TASK TO CARRY OUT:
Once you reach the line containing "unfolding retraction_maps_def" in the entries below, write out that line and each one after it down to the line containing "unfolding Dist_def by (rule Min_le[OF", exactly and with nothing added.

- Opening Delimiter -

lemma to_sphere_from_sphere:
  assumes u: "u \<in> topspace (nsphere (n - 1))"
  shows "to_sphere e n (from_sphere W e n u) = u"
proof
  let ?m = "simplex_gauge n u" and ?c = "centre_weight n"
  have m: "0 < ?m" using simplex_gauge_pos[OF n_pos u] .
  have c: "0 < ?c" by (rule centre_weight_pos)
  have u_sphere: "(\<Sum>k<n. u k ^ 2) = 1" "\<And>k. n \<le> k \<Longrightarrow> u k = 0"
    using u unfolding topspace_nsphere_pred[OF n_pos] by auto
  have diff: "from_sphere W e n u (Inl (e k)) - ?c = ?c / ?m * u k" if "k < n" for k
    using that by (simp add: from_sphere_Inl_e algebra_simps)
  have "centre_dist e n (from_sphere W e n u) = sqrt ((?c / ?m)^2 * (\<Sum>k<n. u k ^ 2))"
    unfolding centre_dist_def
    by (simp add: diff sum_distrib_left sum_divide_distrib power2_eq_square algebra_simps)
  also have "\<dots> = ?c / ?m"
    using c m u_sphere(1) by simp
  finally have dist: "centre_dist e n (from_sphere W e n u) = ?c / ?m" .
  fix k
  show "to_sphere e n (from_sphere W e n u) k = u k"
    using c m u_sphere(2)[of k] by (simp add: to_sphere_def diff dist)
qed

lemma simplex_gauge_to_sphere:
  assumes x: "x \<in> KN_realization W (replicate r W)"
  shows "simplex_gauge n (to_sphere e n x) = centre_weight n / centre_dist e n x"
proof -
  let ?d = "centre_dist e n x" and ?s = "apex_mass r x" and ?c = "centre_weight n"
  have d: "0 < ?d" using centre_dist_pos[OF x] .
  have coord: "to_sphere e n x k = (x (Inl (e k)) - ?c) / ?d" if "k < n" for k
    using that by (simp add: to_sphere_def)
  have "(\<Sum>k<n. x (Inl (e k)) - ?c) = ?c - ?s"
    using replicate_realization_sum[OF x] centre_weight_complement[of n] by (simp add: sum_subtractf)
  then have sum: "(\<Sum>k<n. to_sphere e n x k) = (?c - ?s) / ?d"
    by (simp add: coord sum_divide_distrib[symmetric])
  show ?thesis
  proof (rule simplex_gauge_eqI[OF n_pos])
    show "- to_sphere e n x k \<le> ?c / ?d" if "k < n" for k
      using that d realizationD(1)[OF x, of "Inl (e k)"]
      by (simp add: coord minus_divide_left divide_right_mono)
    show "(\<Sum>k<n. to_sphere e n x k) \<le> ?c / ?d"
      using sum d apex_mass_nonneg[OF x, of r] by (simp add: divide_right_mono)
    show "(\<Sum>k<n. to_sphere e n x k) = ?c / ?d \<or> (\<exists>k<n. - to_sphere e n x k = ?c / ?d)"
    proof (cases "?s = 0")
      case True
      then show ?thesis using sum by simp
    next
      case False
      then obtain k where "k < n" "x (Inl (e k)) = 0"
        using replicate_realization_zero[OF x] apex_mass_nonneg[OF x, of r] by fastforce
      then show ?thesis
        by (auto simp: coord minus_divide_left)
    qed
  qed
qed

lemma from_sphere_to_sphere:
  assumes x: "x \<in> KN_realization W (replicate r W)"
  shows "from_sphere W e n (to_sphere e n x) = collapse_apices r x"
proof
  let ?d = "centre_dist e n x" and ?s = "apex_mass r x" and ?c = "centre_weight n"
  have d: "0 < ?d" and c: "0 < ?c"
    using centre_dist_pos[OF x] centre_weight_pos by auto
  have ratio: "to_sphere e n x k / simplex_gauge n (to_sphere e n x) = (x (Inl (e k)) - ?c) / ?c"
    if "k < n" for k
    using that d by (simp add: simplex_gauge_to_sphere[OF x] to_sphere_def)
  fix v
  show "from_sphere W e n (to_sphere e n x) v = collapse_apices r x v"
  proof (cases v)
    case (Inl w)
    show ?thesis
    proof (cases "w \<in> W")
      case True
      then show ?thesis
        using Inl ratio[OF inv_e_less[OF True]] c
        by (simp add: from_sphere_def collapse_apices_def e_inv_e field_simps)
    next
      case False
      then show ?thesis
        using Inl realizationD(2)[OF x, of v] by (auto simp: from_sphere_def collapse_apices_def Kverts_def)
    qed
  next
    case (Inr i)
    have "(\<Sum>k<n. to_sphere e n x k) / simplex_gauge n (to_sphere e n x) = (\<Sum>k<n. x (Inl (e k)) - ?c) / ?c"
      using ratio by (simp add: sum_divide_distrib)
    also have "\<dots> = (?c - ?s) / ?c"
      using replicate_realization_sum[OF x] centre_weight_complement[of n] by (simp add: sum_subtractf)
    finally show ?thesis
      using Inr c by (simp add: from_sphere_def collapse_apices_def field_simps)
  qed
qed

lemma collapse_apices_support:
  assumes x: "x \<in> KN_realization W (replicate r W)"
  shows "{v. collapse_apices r x v \<noteq> 0} \<union> {v. x v \<noteq> 0} \<in> Kfaces W (replicate r W)"
proof (rule replicate_Kfaces_intro)
  show "{v. collapse_apices r x v \<noteq> 0} \<union> {v. x v \<noteq> 0} \<subseteq> Kverts W (replicate r W)"
  proof
    fix v assume "v \<in> {v. collapse_apices r x v \<noteq> 0} \<union> {v. x v \<noteq> 0}"
    then show "v \<in> Kverts W (replicate r W)"
      using realizationD(2)[OF x] r_pos
      by (cases v) (auto simp: collapse_apices_def Kverts_def split: if_splits)
  qed
next
  fix i assume i: "i < r" "Inr i \<in> {v. collapse_apices r x v \<noteq> 0} \<union> {v. x v \<noteq> 0}"
  have "\<exists>w\<in>W. x (Inl w) = 0"
  proof (cases "x (Inr i) = 0")
    case True
    then have "0 < apex_mass r x"
      using i apex_mass_nonneg[OF x, of r] by (auto simp: collapse_apices_def split: if_splits)
    then show ?thesis
      using replicate_realization_zero[OF x] e_in_W by blast
  next
    case False
    then show ?thesis
      using KN_realization_apex_nonzero[OF x] i by simp
  qed
  then show "\<exists>w\<in>W. Inl w \<notin> {v. collapse_apices r x v \<noteq> 0} \<union> {v. x v \<noteq> 0}"
    by (auto simp: collapse_apices_def)
qed

lemma collapse_apices_in_KN_realization:
  assumes x: "x \<in> KN_realization W (replicate r W)"
  shows "collapse_apices r x \<in> KN_realization W (replicate r W)"
proof (rule realizationI)
  show "0 \<le> collapse_apices r x v" for v
    using realizationD(1)[OF x] apex_mass_nonneg[OF x] by (cases v) (auto simp: collapse_apices_def)
  show "collapse_apices r x v = 0" if "v \<notin> Kverts W (replicate r W)" for v
    using that realizationD(2)[OF x] r_pos by (cases v) (auto simp: collapse_apices_def Kverts_def)
  show "sum (collapse_apices r x) (Kverts W (replicate r W)) = 1"
    using KN_realization_sum[OF fin x] r_pos by (simp add: sum_Kverts[OF fin] collapse_apices_def)
  show "{v. collapse_apices r x v \<noteq> 0} \<in> Kfaces W (replicate r W)"
    using Kfaces_downward_closed[OF collapse_apices_support[OF x]] by blast
qed

lemma collapse_apices_homotopic_id:
  "homotopic_with (\<lambda>_. True) (KN_space W (replicate r W)) (KN_space W (replicate r W)) (collapse_apices r) id"
  unfolding KN_space_def
proof (rule homotopic_with_straight_line_id)
  fix v
  show "continuous_map (geom_real (Kverts W (replicate r W)) (Kfaces W (replicate r W))) euclideanreal
          (\<lambda>x. collapse_apices r x v)"
  proof (cases v)
    case (Inl w)
    then show ?thesis
      by (simp add: collapse_apices_def continuous_map_geom_real_coordinate)
  next
    case (Inr i)
    then show ?thesis
      by (cases "i = 0") (simp_all add: collapse_apices_def continuous_map_apex_mass
                                        continuous_map_geom_real_coordinate)
  qed
next
  fix x and t :: real
  assume x: "x \<in> KN_realization W (replicate r W)" and t: "0 \<le> t" "t \<le> 1"
  show "(\<lambda>v. (1 - t) * collapse_apices r x v + t * x v) \<in> KN_realization W (replicate r W)"
    by (rule realization_convex_combination[OF collapse_apices_in_KN_realization[OF x] x t
          Kfaces_downward_closed collapse_apices_support[OF x]])
qed

lemma continuous_map_into_nsphere:
  assumes "\<And>k. continuous_map Z euclideanreal (\<lambda>p. h p k)"
    and "\<And>p. p \<in> topspace Z \<Longrightarrow> h p \<in> topspace (nsphere m)"
  shows "continuous_map Z (nsphere m) h"
  using assms unfolding nsphere
  by (auto simp: continuous_map_in_subtopology continuous_map_componentwise_UNIV)

lemma continuous_map_to_sphere:
  "continuous_map (KN_space W (replicate r W)) (nsphere (n - 1)) (to_sphere e n)"
proof (rule continuous_map_into_nsphere)
  fix k
  have "continuous_map (KN_space W (replicate r W)) euclideanreal
          (\<lambda>x. (x (Inl (e k)) - centre_weight n) / centre_dist e n x)"
    unfolding centre_dist_def KN_space_def
  proof (intro continuous_map_real_divide continuous_intros continuous_map_geom_real_coordinate)
    show "sqrt (\<Sum>k<n. (x (Inl (e k)) - centre_weight n)^2) \<noteq> 0"
      if "x \<in> topspace (geom_real (Kverts W (replicate r W)) (Kfaces W (replicate r W)))" for x
      using centre_dist_pos[of x] that by (simp add: centre_dist_def)
  qed auto
  then show "continuous_map (KN_space W (replicate r W)) euclideanreal (\<lambda>x. to_sphere e n x k)"
    by (simp add: to_sphere_def)
qed (use to_sphere_in_nsphere in simp)

lemma continuous_map_from_sphere:
  "continuous_map (nsphere (n - 1)) (KN_space W (replicate r W)) (from_sphere W e n)"
  unfolding KN_space_def
proof (rule continuous_map_into_geom_real)
  fix v
  have gauge_nonzero: "\<And>u. u \<in> topspace (nsphere (n - 1)) \<Longrightarrow> simplex_gauge n u \<noteq> 0"
    using simplex_gauge_pos[OF n_pos] by force
  show "continuous_map (nsphere (n - 1)) euclideanreal (\<lambda>u. from_sphere W e n u v)"
    unfolding from_sphere_def
    by (cases v)
       (auto intro!: continuous_intros continuous_map_real_divide continuous_map_simplex_gauge[OF n_pos, unfolded One_nat_def]
                     continuous_map_nsphere_projection gauge_nonzero)
qed (use from_sphere_in_KN_realization in simp)

lemma KN_space_replicate_homotopy_equivalent_nsphere:
  "KN_space W (replicate r W) homotopy_equivalent_space nsphere (n - 1)"
proof (rule deformation_retraction_imp_homotopy_equivalent_space)
  show "homotopic_with (\<lambda>_. True) (KN_space W (replicate r W)) (KN_space W (replicate r W))
          (from_sphere W e n \<circ> to_sphere e n) id"
    by (rule homotopic_with_eq[OF collapse_apices_homotopic_id]) (auto simp: from_sphere_to_sphere)
  show "retraction_maps (KN_space W (replicate r W)) (nsphere (n - 1)) (to_sphere e n) (from_sphere W e n)"
    unfolding retraction_maps_def
    using continuous_map_to_sphere continuous_map_from_sphere to_sphere_from_sphere by blast
qed

end

lemma KN_space_empty_ground:
  assumes "\<forall>i<length N. N!i \<subseteq> {}"
  shows "KN_space {} N = trivial_topology"
proof -
  have "x \<notin> KN_realization {} N" for x
  proof
    assume x: "x \<in> KN_realization {} N"
    obtain v where v: "v \<in> Kverts {} N" "x v \<noteq> 0"
      using realizationD(3)[OF x] by (metis sum.neutral zero_neq_one)
    then obtain i where i: "i < length N" "v = Inr i" by (auto simp: Kverts_def)
    then have "Ntilde N i = {Inr i}" using assms by (auto simp: Ntilde_def)
    then show False using realizationD(4)[OF x] i v unfolding Kfaces_def by auto
  qed
  then have "topspace (KN_space {} N) = {}"
    by auto
  then show ?thesis
    using null_topspace_iff_trivial by blast
qed
lemma bfs_graph_neighbours_nonempty:
  assumes G: "bfs_graph V r N" and p: "p \<in> V" "p \<noteq> r"
  shows "N p \<noteq> []"
proof -
  let ?E = "{(x, y). x \<in> V \<and> y \<in> set (N x)}"
  have "(r, p) \<in> ?E\<^sup>*" using G p unfolding bfs_graph_def by blast
  then obtain x where "(x, p) \<in> ?E" using p(2) by (cases rule: rtranclE) auto
  hence "x \<in> set (N p)" using bfs_graph_neighbour_sym[OF G p(1)] by blast
  thus ?thesis by auto
qed

lemma finite_neighbour_values: "finite {fst \<gamma> q + 1 | q. q \<in> set (N p)}"
proof -
  have "{fst \<gamma> q + 1 | q. q \<in> set (N p)} = (\<lambda>q. fst \<gamma> q + 1) ` set (N p)" by auto
  thus ?thesis by simp
qed

lemma Dist_le_neighbour: "q \<in> set (N p) \<Longrightarrow> Dist N \<gamma> p \<le> fst \<gamma> q + 1"
  unfolding Dist_def by (rule Min_le[OF finite_neighbour_values]) auto

lemma Dist_attained: "N p \<noteq> [] \<Longrightarrow> \<exists>q\<in>set (N p). Dist N \<gamma> p = fst \<gamma> q + 1"
proof -
  assume "N p \<noteq> []"
  hence "{fst \<gamma> q + 1 | q. q \<in> set (N p)} \<noteq> {}" by (cases "N p") auto
  hence "Dist N \<gamma> p \<in> {fst \<gamma> q + 1 | q. q \<in> set (N p)}"
    unfolding Dist_def by (rule Min_in[OF finite_neighbour_values])
  thus ?thesis by auto
qed

lemma Dist_cong:
  "(\<And>q. q \<in> set (N p) \<Longrightarrow> fst \<gamma> q = fst \<gamma>' q) \<Longrightarrow> Dist N \<gamma> p = Dist N \<gamma>' p"
  unfolding Dist_def by (metis (no_types, lifting))

lemma Step_d_changed:
  assumes "Step V r N \<gamma> \<gamma>'" "fst \<gamma>' p \<noteq> fst \<gamma> p"
  shows "p \<in> V \<and> fst \<gamma>' p = (if p = r then 0 else Dist N \<gamma> p)"
  using assms unfolding Step_def by (auto simp: new_d_def split: if_splits)

definition CP_nodes :: "'v set \<Rightarrow> 'v \<Rightarrow> ('v \<Rightarrow> 'v list) \<Rightarrow> 'v config \<Rightarrow> 'v set" where
  "CP_nodes V r N \<gamma> = {p \<in> V. p \<noteq> r \<and> CP_enabled N \<gamma> p}"

text \<open>A step that changes no d-value is executed by CP actions only; each of them disables
  itself, and since the d-values are unchanged, no CP action becomes newly enabled.\<close>

lemma Step_p_CP_nodes_psubset:
  assumes G: "bfs_graph V r N" and step: "Step_p V r N \<gamma> \<gamma>'"
  shows "CP_nodes V r N \<gamma>' \<subset> CP_nodes V r N \<gamma>"
proof -
  have same: "\<forall>p\<in>V. fst \<gamma> p = fst \<gamma>' p" using step unfolding Step_p_def by blast
  from step obtain S where valid: "valid_config V N \<gamma>" and S: "S \<noteq> {}" "S \<subseteq> V"
      "\<forall>p\<in>S. enabled r N \<gamma> p"
    and \<gamma>': "\<gamma>' = ((\<lambda>p. if p \<in> S then new_d r N \<gamma> p else fst \<gamma> p),
                 (\<lambda>p. if p \<in> S then new_par r N \<gamma> p else snd \<gamma> p))"
    unfolding Step_p_def Step_def by blast
  hence d': "\<And>p. fst \<gamma>' p = (if p \<in> S then new_d r N \<gamma> p else fst \<gamma> p)"
    and par': "\<And>p. snd \<gamma>' p = (if p \<in> S then new_par r N \<gamma> p else snd \<gamma> p)" by simp_all
  have executed_CP: "p \<in> CP_nodes V r N \<gamma>" if pS: "p \<in> S" for p
  proof -
    have pV: "p \<in> V" and en: "enabled r N \<gamma> p" using pS S by auto
    have "p \<noteq> r"
      using en d'[of r] same pV pS unfolding enabled_def root_enabled_def new_d_def by auto
    moreover have "\<not> CD_enabled N \<gamma> p"
    proof
      assume CD: "CD_enabled N \<gamma> p"
      hence "fst \<gamma>' p = Dist N \<gamma> p" using d'[of p] pS \<open>p \<noteq> r\<close> unfolding new_d_def by simp
      with CD same pV show False unfolding CD_enabled_def by simp
    qed
    ultimately show ?thesis using en pV unfolding enabled_def CP_nodes_def by simp
  qed
  have CP_disabled: "p \<notin> CP_nodes V r N \<gamma>'" if pS: "p \<in> S" for p
  proof -
    have pV: "p \<in> V" using pS S(2) by blast
    have nr: "p \<noteq> r" and cp: "CP_enabled N \<gamma> p"
      using executed_CP[OF pS] unfolding CP_nodes_def by auto
    obtain q where "q \<in> set (N p)" "Dist N \<gamma> p = fst \<gamma> q + 1"
      using Dist_attained[of N p \<gamma>, OF bfs_graph_neighbours_nonempty[OF G pV nr]] by blast
    hence "find (\<lambda>q. fst \<gamma> q + 1 = fst \<gamma> p) (N p) \<noteq> None"
      using cp unfolding find_None_iff CP_enabled_def by auto
    then obtain x where x: "find (\<lambda>q. fst \<gamma> q + 1 = fst \<gamma> p) (N p) = Some x" by blast
    hence "fst \<gamma> x + 1 = fst \<gamma> p" "x \<in> set (N p)" unfolding find_Some_iff by auto
    moreover have "snd \<gamma>' p = x" using par'[of p] pS nr cp x unfolding new_par_def by simp
    ultimately show ?thesis
      using same pV bfs_graph_neighbour_in_V[OF G pV] unfolding CP_nodes_def CP_enabled_def
      by auto
  qed
  have no_new_CP: "p \<in> CP_nodes V r N \<gamma>" if p: "p \<in> CP_nodes V r N \<gamma>'" "p \<notin> S" for p
  proof -
    have pV: "p \<in> V" using p unfolding CP_nodes_def by simp
    have "Dist N \<gamma>' p = Dist N \<gamma> p"
      using same bfs_graph_neighbour_in_V[OF G pV] by (intro Dist_cong) auto
    moreover have "snd \<gamma> p \<in> V"
      using valid pV bfs_graph_neighbour_in_V[OF G pV] unfolding valid_config_def by blast
    ultimately show ?thesis
      using p par'[of p] same unfolding CP_nodes_def CP_enabled_def by auto
  qed
  from executed_CP CP_disabled no_new_CP S(1) show ?thesis by blast
qed

lemma min_Suc_eq:
  "min x (Suc v) = (if min x v < v then min x v else if x = v then v else Suc v)" for x v :: nat
  by auto

lemma eventually_constant_if_rises_persist:
  assumes rise: "\<And>t s. T0 \<le> t \<Longrightarrow> \<not> P t \<Longrightarrow> P (Suc t) \<Longrightarrow> t < s \<Longrightarrow> P s"
  shows "\<exists>b. \<forall>\<^sub>F t in sequentially. P t = b"
proof (cases "\<exists>t\<ge>T0. \<not> P t \<and> P (Suc t)")
  case True
  then obtain t where "T0 \<le> t" "\<not> P t" "P (Suc t)" by blast
  hence "\<forall>s\<ge>Suc t. P s = True" using rise by auto
  thus ?thesis unfolding eventually_sequentially by blast
next
  case no_rise: False
  show ?thesis
  proof (cases "\<exists>t\<ge>T0. \<not> P t")
    case True
    then obtain t where t: "T0 \<le> t" "\<not> P t" by blast
    have "\<not> P s" if "t \<le> s" for s
      using that
    proof (induction s rule: dec_induct)
      case (step s)
      with t(1) no_rise show ?case by (meson le_trans)
    qed (use t in simp)
    thus ?thesis unfolding eventually_sequentially by (metis (full_types))
  next
    case False
    thus ?thesis unfolding eventually_sequentially by (metis (full_types))
  qed
qed

locale bfs_execution =
  fixes V :: "'v set" and r :: 'v and N :: "'v \<Rightarrow> 'v list" and f :: "nat \<Rightarrow> 'v config"
  assumes graph: "bfs_graph V r N" and steps: "\<And>t. Step V r N (f t) (f (Suc t))"
begin

abbreviation d :: "nat \<Rightarrow> 'v \<Rightarrow> nat" where "d t p \<equiv> fst (f t) p"

lemma finite_V: "finite V" and root_in_V: "r \<in> V"
  using graph unfolding bfs_graph_def by auto

lemma d_root_Suc_le: "d (Suc t) r \<le> d t r"
  using Step_d_changed[OF steps, of t r] by fastforce

lemma d_Suc_le_neighbour:
  assumes "q \<in> set (N p)"
  shows "d (Suc t) p \<le> max (d t p) (d t q + 1)"
  using Step_d_changed[OF steps, of t p] Dist_le_neighbour[of q N p "f t", OF assms]
  by (cases "d (Suc t) p = d t p") (auto split: if_splits)

lemma d_le_hops:
  "(r, p) \<in> {(x, y). x \<in> V \<and> y \<in> set (N x)} ^^ n \<Longrightarrow> d t p \<le> Max (d 0 ` V) + n"
proof (induction n arbitrary: p t)
  case 0
  hence "p = r" by simp
  have "d t r \<le> d 0 r"
    by (induction t) (use d_root_Suc_le le_trans in blast)+
  also have "\<dots> \<le> Max (d 0 ` V)" using finite_V root_in_V by simp
  finally show ?case using \<open>p = r\<close> by simp
next
  case (Suc n)
  note hops_IH = Suc.IH
  from Suc.prems obtain x where x: "(r, x) \<in> {(x, y). x \<in> V \<and> y \<in> set (N x)} ^^ n" "x \<in> V"
    "p \<in> set (N x)" by auto
  have pV: "p \<in> V" using bfs_graph_neighbour_in_V[OF graph x(2,3)] .
  have xN: "x \<in> set (N p)" using bfs_graph_neighbour_sym[OF graph pV x(2,3)] .
  show ?case
  proof (induction t)
    case 0
    have "d 0 p \<le> Max (d 0 ` V)" using finite_V pV by simp
    thus ?case by simp
  next
    case (Suc t) with d_Suc_le_neighbour[OF xN, of t] hops_IH[OF x(1), of t] show ?case by simp
  qed
qed

lemma d_bounded:
  assumes "p \<in> V"
  shows "\<exists>B. \<forall>t. d t p \<le> B"
proof -
  have "(r, p) \<in> {(x, y). x \<in> V \<and> y \<in> set (N x)}\<^sup>*"
    using graph assms unfolding bfs_graph_def by blast
  then obtain n where "(r, p) \<in> {(x, y). x \<in> V \<and> y \<in> set (N x)} ^^ n"
    by (blast dest: rtrancl_imp_relpow)
  thus ?thesis using d_le_hops by blast
qed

- Closing Delimiter -

REPLY:
    unfolding retraction_maps_def
    using continuous_map_to_sphere continuous_map_from_sphere to_sphere_from_sphere by blast
qed

end

lemma KN_space_empty_ground:
  assumes "\<forall>i<length N. N!i \<subseteq> {}"
  shows "KN_space {} N = trivial_topology"
proof -
  have "x \<notin> KN_realization {} N" for x
  proof
    assume x: "x \<in> KN_realization {} N"
    obtain v where v: "v \<in> Kverts {} N" "x v \<noteq> 0"
      using realizationD(3)[OF x] by (metis sum.neutral zero_neq_one)
    then obtain i where i: "i < length N" "v = Inr i" by (auto simp: Kverts_def)
    then have "Ntilde N i = {Inr i}" using assms by (auto simp: Ntilde_def)
    then show False using realizationD(4)[OF x] i v unfolding Kfaces_def by auto
  qed
  then have "topspace (KN_space {} N) = {}"
    by auto
  then show ?thesis
    using null_topspace_iff_trivial by blast
qed
lemma bfs_graph_neighbours_nonempty:
  assumes G: "bfs_graph V r N" and p: "p \<in> V" "p \<noteq> r"
  shows "N p \<noteq> []"
proof -
  let ?E = "{(x, y). x \<in> V \<and> y \<in> set (N x)}"
  have "(r, p) \<in> ?E\<^sup>*" using G p unfolding bfs_graph_def by blast
  then obtain x where "(x, p) \<in> ?E" using p(2) by (cases rule: rtranclE) auto
  hence "x \<in> set (N p)" using bfs_graph_neighbour_sym[OF G p(1)] by blast
  thus ?thesis by auto
qed

lemma finite_neighbour_values: "finite {fst \<gamma> q + 1 | q. q \<in> set (N p)}"
proof -
  have "{fst \<gamma> q + 1 | q. q \<in> set (N p)} = (\<lambda>q. fst \<gamma> q + 1) ` set (N p)" by auto
  thus ?thesis by simp
qed

lemma Dist_le_neighbour: "q \<in> set (N p) \<Longrightarrow> Dist N \<gamma> p \<le> fst \<gamma> q + 1"
  unfolding Dist_def by (rule Min_le[OF finite_neighbour_values]) auto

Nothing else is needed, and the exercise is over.